WHAT IS BEING ASKED:
What lines in the entries below contain the word "that"? Copy all of them.

============================================================

(* For every $m\ge0$ and $t,\theta\in\mathbb N_0$ with $t\le\theta$, almost surely $$\sigma(t;m)>\theta\iff V(s;m)>m\ \text{for all } s=t,\dots,\theta\iff m<\underline M(t,\theta).$$
   Context: $(\Omega,\mathcal F,\mathbb P)$ complete with filtration $\{\mathcal F(t)\}_{t\in\mathbb N_0}$; $\beta\in(0,1)$; $\{h(t)\}_{t\in\mathbb N}$ positive, predictable ($h(t)$ is $\mathcal F(t-1)$-measurable), with $\mathbb E[\sum_{t\ge0}\beta^th(t+1)]<\infty$. $\mathcal S(t)$: stopping times with values in $\{t,t+1,\dots\}\cup\{\infty\}$; $\beta^\infty:=0$. For $m\ge0$: $V(t;m):=\operatorname{ess\,sup}_{\tau\in\mathcal S(t)}\mathbb E[\sum_{u=t}^{\tau-1}\beta^{u-t}h(u+1)+m\beta^{\tau-t}\mid\mathcal F(t)]$ (a.s. continuous in $m$, so it may be evaluated at random $m$); $\sigma(t;m):=\inf\{\theta\ge t:V(\theta;m)=m\}$ ($\inf\emptyset=\infty$). Gittins index $M(t):=\operatorname{ess\,sup}\{X>0\ \mathcal F(t)\text{-measurable}:V(t;X)\ge X\}$; $\underline M(t,\theta):=\min_{t\le u\le\theta}M(u)$. *)

theory Defs
  imports "HOL-Probability.Probability"
begin

definition ess_sup_fam :: "'a measure \<Rightarrow> 'a measure \<Rightarrow> ('a \<Rightarrow> ennreal) set \<Rightarrow> ('a \<Rightarrow> ennreal)" where
  "ess_sup_fam M G S = (SOME Y. Y \<in> borel_measurable G
      \<and> (\<forall>X\<in>S. AE x in M. X x \<le> Y x)
      \<and> (\<forall>Z\<in>borel_measurable G. (\<forall>X\<in>S. AE x in M. X x \<le> Z x) \<longrightarrow> (AE x in M. Y x \<le> Z x)))"

definition stopping_times_from :: "'a measure \<Rightarrow> (nat \<Rightarrow> 'a measure) \<Rightarrow> nat \<Rightarrow> ('a \<Rightarrow> enat) set" where
  "stopping_times_from M F t = {\<tau>. (\<forall>n::nat. Measurable.pred (F n) (\<lambda>x. \<tau> x \<le> enat n))
      \<and> (\<forall>x\<in>space M. enat t \<le> \<tau> x)}"

definition disc :: "real \<Rightarrow> nat \<Rightarrow> enat \<Rightarrow> real" where
  "disc \<beta> t k = (case k of enat n \<Rightarrow> \<beta> ^ (n - t) | \<infinity> \<Rightarrow> 0)"

definition payoff :: "real \<Rightarrow> (nat \<Rightarrow> 'a \<Rightarrow> real) \<Rightarrow> nat \<Rightarrow> ('a \<Rightarrow> real) \<Rightarrow> ('a \<Rightarrow> enat) \<Rightarrow> 'a \<Rightarrow> ennreal" where
  "payoff \<beta> h t m \<tau> x =
     (\<Sum>u. ennreal (if t \<le> u \<and> enat u < \<tau> x then \<beta> ^ (u - t) * h (Suc u) x else 0))
     + ennreal (m x * disc \<beta> t (\<tau> x))"
lemma exists_center_close_to_all:
  fixes z :: "'a ^ 'n::finite"
  assumes "disjoint_family_on B A" "\<And>w. w \<in> A \<Longrightarrow> B w \<subseteq> X \<and> card (B w) = u"
    and "\<And>w. w \<in> A \<Longrightarrow> \<exists>y. \<forall>x. x \<notin> X \<longrightarrow> x \<noteq> y \<longrightarrow> w $ x = z $ x"
  shows "\<exists>v. \<forall>w\<in>A. hamming_dist v w \<le> card X - u + 1"
proof -
  define v where "v = (\<chi> x. if \<exists>w\<in>A. x \<in> B w then (SOME w. w \<in> A \<and> x \<in> B w) $ x else z $ x)"
  have "hamming_dist v w \<le> card X - u + 1" if w: "w \<in> A" for w
  proof -
    have "v $ x = w $ x" if "x \<in> B w" for x
    proof -
      have "(SOME w. w \<in> A \<and> x \<in> B w) = w"
        using \<open>w \<in> A\<close> that assms(1) unfolding disjoint_family_on_def by (rule_tac some_equality) auto
      then show ?thesis using \<open>w \<in> A\<close> that unfolding v_def by auto
    qed
    moreover have "v $ x = z $ x" if "x \<notin> X" for x
      using assms(2) that unfolding v_def by auto
    moreover obtain y where "\<And>x. x \<notin> X \<Longrightarrow> x \<noteq> y \<Longrightarrow> w $ x = z $ x" using assms(3)[OF w] by blast
    ultimately show ?thesis using hamming_dist_patch_le[of "B w" X v w z y] assms(2)[OF w] by auto
  qed
  then show ?thesis by blast
qed
(* Only the terms n >= h = ceil(1/y) are kept: for them exp(-ny) <= 1/(ny) <= h/n. *)
lemma sum_mult_one_minus_exp_lower:
  fixes p :: "nat \<Rightarrow> real"
  assumes p_nonneg: "\<And>n. 0 \<le> p n" and "0 < y" "1 \<le> L" "L \<le> 1 / y" "\<delta> \<le> 1" "1 \<le> N"
    and p_lower: "\<And>n. L \<le> real n \<Longrightarrow> n \<le> N \<Longrightarrow> (1 - \<delta>) / (real n * L) \<le> p n"
  shows "(1 - \<delta>) / L * (ln (real N * y) - 3) \<le> (\<Sum>n\<le>N. p n * (1 - exp (- (real n * y))))"
proof -
  define h where "h = nat \<lceil>1 / y\<rceil>"
  have h_ge: "1 / y \<le> real h"
    unfolding h_def by (rule real_nat_ceiling_ge)
  have "real h \<le> 1 / y + 1"
    unfolding h_def using \<open>0 < y\<close> of_int_ceiling_le_add_one[of "1 / y"] by simp
  then have "real h \<le> 2 / y" "1 \<le> h"
    using h_ge \<open>1 \<le> L\<close> \<open>L \<le> 1 / y\<close> by auto
  have term_lower: "(1 - \<delta>) / L * (1 / real n - real h * (1 / real n ^ 2))
      \<le> p n * (1 - exp (- (real n * y)))" if n: "n \<in> {h..N}" for n
  proof -
    have "0 < real n" "real h \<le> real n"
      using n \<open>1 \<le> h\<close> by auto
    have "exp (- (real n * y)) \<le> 1 / (real n * y)"
      using \<open>0 < real n\<close> \<open>0 < y\<close> by (simp add: exp_minus_le_inverse)
    also have "\<dots> \<le> real h / real n"
      using h_ge \<open>0 < real n\<close> \<open>0 < y\<close> by (simp add: field_simps)
    finally have "exp (- (real n * y)) \<le> real h / real n" .
    moreover have "(1 - \<delta>) / (real n * L) \<le> p n"
      using p_lower h_ge n \<open>L \<le> 1 / y\<close> by auto
    ultimately have "(1 - \<delta>) / (real n * L) * (1 - real h / real n)
        \<le> p n * (1 - exp (- (real n * y)))"
      using p_nonneg \<open>real h \<le> real n\<close> \<open>0 < real n\<close> by (intro mult_mono) auto
    then show ?thesis
      using \<open>0 < real n\<close> by (simp add: field_simps power2_eq_square)
  qed
  have "(1 - \<delta>) / L * (ln (real N * y) - 3)
      \<le> (1 - \<delta>) / L * ((\<Sum>n=h..N. 1 / real n) - real h * (\<Sum>n=h..N. 1 / real n ^ 2))"
    using ln_le_sum_inverse_minus_square[OF \<open>1 \<le> h\<close> \<open>1 \<le> N\<close> \<open>0 < y\<close> \<open>real h \<le> 2 / y\<close>]
      \<open>1 \<le> L\<close> \<open>\<delta> \<le> 1\<close> by (intro mult_left_mono) auto
  also have "\<dots> = (\<Sum>n=h..N. (1 - \<delta>) / L * (1 / real n - real h * (1 / real n ^ 2)))"
    by (simp add: sum_subtractf sum_distrib_left right_diff_distrib)
  also have "\<dots> \<le> (\<Sum>n=h..N. p n * (1 - exp (- (real n * y))))"
    by (rule sum_mono[OF term_lower])
  also have "\<dots> \<le> (\<Sum>n\<le>N. p n * (1 - exp (- (real n * y))))"
    using \<open>0 < y\<close> p_nonneg by (intro sum_mono2) auto
  finally show ?thesis .
qed

lemma chernoff_exponent_le:
  fixes \<delta> L s u :: real
  assumes "0 \<le> \<delta>" "\<delta> \<le> 1" "0 < L" "0 < s" "0 \<le> u" "u \<le> L"
  shows "s - (s * L - 1) * ((1 - \<delta>) / L * (u - 3)) \<le> 1 + 4 * s - (1 - \<delta>) * s * u"
proof -
  have "(s * L - 1) * ((1 - \<delta>) / L * (u - 3))
      = (1 - \<delta>) * s * u - 3 * ((1 - \<delta>) * s) - (1 - \<delta>) * (u / L) + 3 * ((1 - \<delta>) / L)"
    using \<open>0 < L\<close> by (simp add: field_simps)
  moreover have "(1 - \<delta>) * (u / L) \<le> 1"
    using assms by (intro mult_le_one) auto
  moreover have "(1 - \<delta>) * s \<le> s" "0 \<le> (1 - \<delta>) / L"
    using assms by auto
  ultimately show ?thesis
    by linarith
qed

section \<open>Size-bias and Chernoff bounds\<close>

(* Bound on P(tau_(k-1) < m), where s = k / log N and t = m / N: the Chernoff bound when t <= s,
   the trivial bound otherwise. *)
definition chernoff_factor :: "real \<Rightarrow> real \<Rightarrow> real \<Rightarrow> real" where
  "chernoff_factor \<delta> s t = (if t \<le> s then exp (1 + 4 * s - (1 - \<delta>) * s * ln (s / t)) else 1)"

lemma chernoff_factor_nonneg: "0 \<le> chernoff_factor \<delta> s t"
  by (simp add: chernoff_factor_def)

context
  fixes r :: "nat \<Rightarrow> real"
  assumes r_pos: "\<And>n. 1 \<le> n \<Longrightarrow> 0 < r n"
begin

lemma RN_pos: "1 \<le> N \<Longrightarrow> 0 < RN r N"
  unfolding RN_def using r_pos by (intro sum_pos) auto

============================================================

ANSWER TO THIS EXERCISE:
        using \<open>w \<in> A\<close> that assms(1) unfolding disjoint_family_on_def by (rule_tac some_equality) auto
      then show ?thesis using \<open>w \<in> A\<close> that unfolding v_def by auto
      using assms(2) that unfolding v_def by auto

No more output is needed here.